◆ What you should do: Set down, please, without alteration, the lines of the entries below from the first through the one containing "(\<exists>x \<in> J".

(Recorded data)
※

(* Let $M$ be a matroid on $E$, $\mathfrak{S}\subseteq\mathcal{P}(E)$ and $Z\in\mathfrak{S}$. Then: (1) $\mathrm{ec}_{\mathfrak{S}}(M)-\mathrm{ec}_{\mathfrak{S}-\{Z\}}(M)=a_{\mathfrak{S}}(Z)\,b_{\mathfrak{S}}(Z)$; (2) for every $S\in\mathfrak{S}-\{Z\}$, $a_{\mathfrak{S}}(S)-a_{\mathfrak{S}-\{Z\}}(S)=a_{\mathfrak{S}}(Z)\,\mu_{\mathfrak{S}}(Z,S)$; (3) for every $S\in\mathfrak{S}-\{Z\}$, $b_{\mathfrak{S}}(S)-b_{\mathfrak{S}-\{Z\}}(S)=\mu_{\mathfrak{S}}(S,Z)\,b_{\mathfrak{S}}(Z)$.
   Context: $M$ has rank $k$. For $\mathfrak{T}\subseteq\mathcal{P}(E)$, viewed as a poset under inclusion with Möbius function $\mu_{\mathfrak{T}}$: $c(T)=\#T-\mathrm{rk}\,T$; $a_{\mathfrak{T}}(S)=\sum_{T\in\mathfrak{T}}c(T)\mu_{\mathfrak{T}}(T,S)$ (equivalently $a_{\mathfrak{T}}(S)=c(S)-\sum_{T\in\mathfrak{T},T\subsetneq S}a_{\mathfrak{T}}(T)$); $b_{\mathfrak{T}}(T)=\sum_{S\in\mathfrak{T}}(k-\mathrm{rk}\,S)\mu_{\mathfrak{T}}(T,S)$; $\mathrm{ec}_{\mathfrak{T}}(M)=\sum_{S\in\mathfrak{T}}(k-\mathrm{rk}\,S)a_{\mathfrak{T}}(S)$. *)

theory Defs
  imports Main
begin

definition matroid :: "'a set \<Rightarrow> ('a set \<Rightarrow> bool) \<Rightarrow> bool" where
  "matroid E indep \<longleftrightarrow>
     finite E \<and>
     (\<forall>I. indep I \<longrightarrow> I \<subseteq> E) \<and>
     indep {} \<and>
     (\<forall>I J. indep J \<and> I \<subseteq> J \<longrightarrow> indep I) \<and>
     (\<forall>I J. indep I \<and> indep J \<and> card I < card J \<longrightarrow>
        (\<exists>x \<in> J - I. indep (insert x I)))"

definition mrank :: "('a set \<Rightarrow> bool) \<Rightarrow> 'a set \<Rightarrow> nat" where
  "mrank indep X = Max {card I | I. I \<subseteq> X \<and> indep I}"

function mobius :: "'a set set \<Rightarrow> 'a set \<Rightarrow> 'a set \<Rightarrow> int" where
  "mobius F x y =
     (if finite F \<and> x \<in> F \<and> y \<in> F \<and> x \<subseteq> y then
        (if x = y then 1 else - (\<Sum>z\<in>{z\<in>F. x \<subseteq> z \<and> z \<subset> y}. mobius F x z))
      else 0)"
  by auto
termination
proof (relation "measure (\<lambda>(F,x,y). card {w\<in>F. w \<subset> y})")
  show "wf (measure (\<lambda>(F,x,y). card {w\<in>F. w \<subset> y}))" by simp
next
  fix F :: "'a set set" and x y z
  assume a: "finite F \<and> x \<in> F \<and> y \<in> F \<and> x \<subseteq> y" "x \<noteq> y"
     and z: "z \<in> {z\<in>F. x \<subseteq> z \<and> z \<subset> y}"
  have "{w\<in>F. w \<subset> z} \<subset> {w\<in>F. w \<subset> y}"
    using z by auto
  moreover have "finite {w\<in>F. w \<subset> y}" using a by auto
  ultimately have "card {w\<in>F. w \<subset> z} < card {w\<in>F. w \<subset> y}"
    by (rule psubset_card_mono[rotated])
  then show "((F, x, z), F, x, y) \<in> measure (\<lambda>(F,x,y). card {w\<in>F. w \<subset> y})"
    by simp
qed

declare mobius.simps[simp del]

definition cval :: "('a set \<Rightarrow> bool) \<Rightarrow> 'a set \<Rightarrow> int" where
  "cval indep T = int (card T) - int (mrank indep T)"

definition aval :: "('a set \<Rightarrow> bool) \<Rightarrow> 'a set set \<Rightarrow> 'a set \<Rightarrow> int" where
  "aval indep \<T> S = (\<Sum>T\<in>\<T>. cval indep T * mobius \<T> T S)"

definition bval :: "'a set \<Rightarrow> ('a set \<Rightarrow> bool) \<Rightarrow> 'a set set \<Rightarrow> 'a set \<Rightarrow> int" where
  "bval E indep \<T> T = (\<Sum>S\<in>\<T>. (int (mrank indep E) - int (mrank indep S)) * mobius \<T> T S)"

definition ec :: "'a set \<Rightarrow> ('a set \<Rightarrow> bool) \<Rightarrow> 'a set set \<Rightarrow> int" where
  "ec E indep \<T> = (\<Sum>S\<in>\<T>. (int (mrank indep E) - int (mrank indep S)) * aval indep \<T> S)"

end

theory Submission
  imports Defs
begin

text \<open>The proof rests on a deletion formula for the Moebius function: for x, y \<noteq> Z the
  Moebius function of S - {Z} at (x, y) is mu(x,y) - mu(x,Z) mu(Z,y), where mu is that of S; it
  follows by induction along the defining recursion of mu. Substituting it into the sums defining
  a, b and ec and splitting off the summands indexed by Z (where mu(Z,Z) = 1), the correction terms
  collect into a(Z) and b(Z). The matroid enters only through the finiteness of E.\<close>

lemma mobius_refl: "finite F \<Longrightarrow> x \<in> F \<Longrightarrow> mobius F x x = 1"
  by (subst mobius.simps) auto

lemma mobius_psubset:
  "finite F \<Longrightarrow> x \<in> F \<Longrightarrow> y \<in> F \<Longrightarrow> x \<subset> y \<Longrightarrow>
   mobius F x y = - (\<Sum>z\<in>{z\<in>F. x \<subseteq> z \<and> z \<subset> y}. mobius F x z)"
  by (subst mobius.simps) auto

lemma mobius_nonzeroD: "mobius F x y \<noteq> 0 \<Longrightarrow> finite F \<and> x \<in> F \<and> y \<in> F \<and> x \<subseteq> y"
  by (subst (asm) mobius.simps) (auto split: if_splits)

lemma mobius_mult_nonzeroD:
  assumes "mobius F x Z * mobius F Z y \<noteq> 0"
  shows "x \<in> F \<and> y \<in> F \<and> x \<subseteq> Z \<and> Z \<subseteq> y"
proof -
  have "mobius F x Z \<noteq> 0" "mobius F Z y \<noteq> 0"
    using assms by auto
  then show ?thesis
    using mobius_nonzeroD by blast
qed

lemma sum_mobius_below:
  assumes "finite F" "y \<in> F" "x \<subseteq> Z" "Z \<noteq> y"
  shows "(\<Sum>z\<in>{z\<in>F. x \<subseteq> z \<and> z \<subset> y}. mobius F Z z) = - mobius F Z y"
proof (cases "Z \<in> F \<and> Z \<subseteq> y")
  case True
  have "(\<Sum>z\<in>{z\<in>F. x \<subseteq> z \<and> z \<subset> y}. mobius F Z z) = (\<Sum>z\<in>{z\<in>F. Z \<subseteq> z \<and> z \<subset> y}. mobius F Z z)"
    by (rule sum.mono_neutral_right) (use assms mobius_nonzeroD in fastforce)+
  also have "\<dots> = - mobius F Z y"
    using mobius_psubset[of F Z y] True assms by (simp add: psubset_eq)
  finally show ?thesis .
next
  case False
  have zero: "mobius F Z z = 0" if "z \<subseteq> y" for z
  proof (rule ccontr)
    assume "mobius F Z z \<noteq> 0"
    with mobius_nonzeroD have "Z \<in> F" "Z \<subseteq> z" by auto
    with False that show False by auto
  qed
  then have "(\<Sum>z\<in>{z\<in>F. x \<subseteq> z \<and> z \<subset> y}. mobius F Z z) = 0"
    by (intro sum.neutral) (simp add: psubset_eq)
  with zero[of y] show ?thesis by simp
qed

lemma mobius_delete:
  "finite F \<Longrightarrow> x \<noteq> Z \<Longrightarrow> y \<noteq> Z \<Longrightarrow>
   mobius (F - {Z}) x y = mobius F x y - mobius F x Z * mobius F Z y"
proof (induction "F - {Z}" x y rule: mobius.induct)
  case (1 x y)
  have fin: "finite (F - {Z})" using "1.prems"(1) by simp
  consider "\<not> (x \<in> F - {Z} \<and> y \<in> F - {Z} \<and> x \<subseteq> y)" | "x \<in> F - {Z}" "x = y"
    | "x \<in> F - {Z}" "y \<in> F - {Z}" "x \<subset> y"
    by blast
  then show ?case
  proof cases
    case 1
    have "mobius (F - {Z}) x y = 0" "mobius F x y = 0"
      using 1 "1.prems" mobius_nonzeroD by blast+
    moreover have "mobius F x Z * mobius F Z y = 0"
      using 1 "1.prems" mobius_mult_nonzeroD by blast
    ultimately show ?thesis by simp
  next
    case 2
    have "mobius F x Z * mobius F Z y = 0"
      using 2 "1.prems" mobius_mult_nonzeroD by blast
    then show ?thesis
      using 2 "1.prems"(1) by (simp add: mobius_refl)
  next
    case 3
    define I where "I = {z\<in>F. x \<subseteq> z \<and> z \<subset> y}"
    have fin_I: "finite I" using "1.prems"(1) by (simp add: I_def)
    have "mobius (F - {Z}) x y = - (\<Sum>z\<in>I - {Z}. mobius (F - {Z}) x z)"
      using mobius_psubset[OF fin 3] by (simp add: I_def set_diff_eq conj_ac)
    also have "(\<Sum>z\<in>I - {Z}. mobius (F - {Z}) x z)
               = (\<Sum>z\<in>I - {Z}. mobius F x z - mobius F x Z * mobius F Z z)"
    proof (rule sum.cong)
      fix z assume "z \<in> I - {Z}"
      then have z: "z \<in> {z\<in>F - {Z}. x \<subseteq> z \<and> z \<subset> y}" "z \<noteq> Z"
        by (auto simp: I_def)
      show "mobius (F - {Z}) x z = mobius F x z - mobius F x Z * mobius F Z z"
        by (rule "1.hyps"[OF _ _ z(1) "1.prems"(1,2) z(2)]) (use fin 3 in auto)
    qed simp
    also have "\<dots> = (\<Sum>z\<in>I. mobius F x z - mobius F x Z * mobius F Z z)"
      \<comment> \<open>the summand at Z vanishes because \<mu>(Z,Z) = 1\<close>
      by (auto simp: sum_diff1 fin_I mobius_refl I_def "1.prems"(1))
    also have "\<dots> = (\<Sum>z\<in>I. mobius F x z) - mobius F x Z * (\<Sum>z\<in>I. mobius F Z z)"
      by (simp add: sum_subtractf sum_distrib_left)
    also have "(\<Sum>z\<in>I. mobius F x z) = - mobius F x y"
      using mobius_psubset[of F x y] 3 "1.prems"(1) by (simp add: I_def)
    also have "mobius F x Z * (\<Sum>z\<in>I. mobius F Z z) = - mobius F x Z * mobius F Z y"
    proof (cases "mobius F x Z = 0")
      case False
      then have "x \<subseteq> Z"
        using mobius_nonzeroD by blast
      then show ?thesis
        using sum_mobius_below[of F y x Z] 3 "1.prems"(1,3) by (simp add: I_def)
    qed simp
    finally show ?thesis by simp
  qed
qed

lemma sum_mobius_left_delete:
  assumes "finite F" "Z \<in> F" "S \<noteq> Z"
  shows "(\<Sum>T\<in>F. f T * mobius F T S) - (\<Sum>T\<in>F - {Z}. f T * mobius (F - {Z}) T S)
         = (\<Sum>T\<in>F. f T * mobius F T Z) * mobius F Z S"
proof -
  have "(\<Sum>T\<in>F - {Z}. f T * mobius (F - {Z}) T S)
        = (\<Sum>T\<in>F - {Z}. f T * mobius F T S) - (\<Sum>T\<in>F - {Z}. f T * mobius F T Z) * mobius F Z S"
    using assms by (simp add: mobius_delete right_diff_distrib sum_subtractf sum_distrib_right mult.assoc)
  then show ?thesis
    using assms by (simp add: sum.remove mobius_refl algebra_simps)
qed

lemma sum_mobius_right_delete:
  assumes "finite F" "Z \<in> F" "S \<noteq> Z"
  shows "(\<Sum>T\<in>F. g T * mobius F S T) - (\<Sum>T\<in>F - {Z}. g T * mobius (F - {Z}) S T)
         = mobius F S Z * (\<Sum>T\<in>F. g T * mobius F Z T)"
proof -
  have "(\<Sum>T\<in>F - {Z}. g T * mobius (F - {Z}) S T)
        = (\<Sum>T\<in>F - {Z}. g T * mobius F S T) - mobius F S Z * (\<Sum>T\<in>F - {Z}. g T * mobius F Z T)"
    using assms by (simp add: mobius_delete right_diff_distrib sum_subtractf sum_distrib_left algebra_simps)
  then show ?thesis
    using assms by (simp add: sum.remove mobius_refl algebra_simps)
qed

lemma sum_mobius_transform_delete:
  assumes "finite F" "Z \<in> F"
  shows "(\<Sum>S\<in>F. g S * (\<Sum>T\<in>F. f T * mobius F T S))
         - (\<Sum>S\<in>F - {Z}. g S * (\<Sum>T\<in>F - {Z}. f T * mobius (F - {Z}) T S))
         = (\<Sum>T\<in>F. f T * mobius F T Z) * (\<Sum>S\<in>F. g S * mobius F Z S)"
proof -
  let ?a = "\<lambda>S. \<Sum>T\<in>F. f T * mobius F T S"
  have "(\<Sum>S\<in>F - {Z}. g S * (\<Sum>T\<in>F - {Z}. f T * mobius (F - {Z}) T S))
        = (\<Sum>S\<in>F - {Z}. g S * ?a S - ?a Z * (g S * mobius F Z S))"
    using sum_mobius_left_delete[OF assms] by (intro sum.cong) (auto simp: algebra_simps eq_diff_eq)
  also have "\<dots> = (\<Sum>S\<in>F - {Z}. g S * ?a S) - ?a Z * (\<Sum>S\<in>F - {Z}. g S * mobius F Z S)"
    by (simp add: sum_subtractf sum_distrib_left)
  moreover have "(\<Sum>S\<in>F. g S * ?a S) = g Z * ?a Z + (\<Sum>S\<in>F - {Z}. g S * ?a S)"
    using assms by (rule sum.remove)
  moreover have "(\<Sum>S\<in>F. g S * mobius F Z S) = g Z + (\<Sum>S\<in>F - {Z}. g S * mobius F Z S)"
    using assms by (simp add: sum.remove mobius_refl)
  ultimately show ?thesis
    by (simp add: algebra_simps)
qed

theorem proposition6p3:
  fixes E :: "'a set" and indep :: "'a set \<Rightarrow> bool" and \<S> :: "'a set set" and Z :: "'a set"
  assumes "matroid E indep"
    and "\<S> \<subseteq> Pow E"
    and "Z \<in> \<S>"
  shows "ec E indep \<S> - ec E indep (\<S> - {Z}) = aval indep \<S> Z * bval E indep \<S> Z
         \<and> (\<forall>S \<in> \<S> - {Z}. aval indep \<S> S - aval indep (\<S> - {Z}) S = aval indep \<S> Z * mobius \<S> Z S)
         \<and> (\<forall>S \<in> \<S> - {Z}. bval E indep \<S> S - bval E indep (\<S> - {Z}) S = mobius \<S> S Z * bval E indep \<S> Z)"
proof -
  have "finite E"
    using assms(1) by (simp add: matroid_def)
  then have fin: "finite \<S>"
    using assms(2) finite_subset by blast
  have "ec E indep \<S> - ec E indep (\<S> - {Z}) = aval indep \<S> Z * bval E indep \<S> Z"
    unfolding ec_def aval_def bval_def by (rule sum_mobius_transform_delete[OF fin assms(3)])
  moreover have "aval indep \<S> S - aval indep (\<S> - {Z}) S = aval indep \<S> Z * mobius \<S> Z S"
    if "S \<in> \<S> - {Z}" for S
    unfolding aval_def using that by (intro sum_mobius_left_delete[OF fin assms(3)]) simp
  moreover have "bval E indep \<S> S - bval E indep (\<S> - {Z}) S = mobius \<S> S Z * bval E indep \<S> Z"
    if "S \<in> \<S> - {Z}" for S
    unfolding bval_def using that by (intro sum_mobius_right_delete[OF fin assms(3)]) simp
  ultimately show ?thesis
    by blast
qed

end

※

◆ Result:
(* Let $M$ be a matroid on $E$, $\mathfrak{S}\subseteq\mathcal{P}(E)$ and $Z\in\mathfrak{S}$. Then: (1) $\mathrm{ec}_{\mathfrak{S}}(M)-\mathrm{ec}_{\mathfrak{S}-\{Z\}}(M)=a_{\mathfrak{S}}(Z)\,b_{\mathfrak{S}}(Z)$; (2) for every $S\in\mathfrak{S}-\{Z\}$, $a_{\mathfrak{S}}(S)-a_{\mathfrak{S}-\{Z\}}(S)=a_{\mathfrak{S}}(Z)\,\mu_{\mathfrak{S}}(Z,S)$; (3) for every $S\in\mathfrak{S}-\{Z\}$, $b_{\mathfrak{S}}(S)-b_{\mathfrak{S}-\{Z\}}(S)=\mu_{\mathfrak{S}}(S,Z)\,b_{\mathfrak{S}}(Z)$.
   Context: $M$ has rank $k$. For $\mathfrak{T}\subseteq\mathcal{P}(E)$, viewed as a poset under inclusion with Möbius function $\mu_{\mathfrak{T}}$: $c(T)=\#T-\mathrm{rk}\,T$; $a_{\mathfrak{T}}(S)=\sum_{T\in\mathfrak{T}}c(T)\mu_{\mathfrak{T}}(T,S)$ (equivalently $a_{\mathfrak{T}}(S)=c(S)-\sum_{T\in\mathfrak{T},T\subsetneq S}a_{\mathfrak{T}}(T)$); $b_{\mathfrak{T}}(T)=\sum_{S\in\mathfrak{T}}(k-\mathrm{rk}\,S)\mu_{\mathfrak{T}}(T,S)$; $\mathrm{ec}_{\mathfrak{T}}(M)=\sum_{S\in\mathfrak{T}}(k-\mathrm{rk}\,S)a_{\mathfrak{T}}(S)$. *)

theory Defs
  imports Main
begin

definition matroid :: "'a set \<Rightarrow> ('a set \<Rightarrow> bool) \<Rightarrow> bool" where
  "matroid E indep \<longleftrightarrow>
     finite E \<and>
     (\<forall>I. indep I \<longrightarrow> I \<subseteq> E) \<and>
     indep {} \<and>
     (\<forall>I J. indep J \<and> I \<subseteq> J \<longrightarrow> indep I) \<and>
     (\<forall>I J. indep I \<and> indep J \<and> card I < card J \<longrightarrow>
        (\<exists>x \<in> J - I. indep (insert x I)))"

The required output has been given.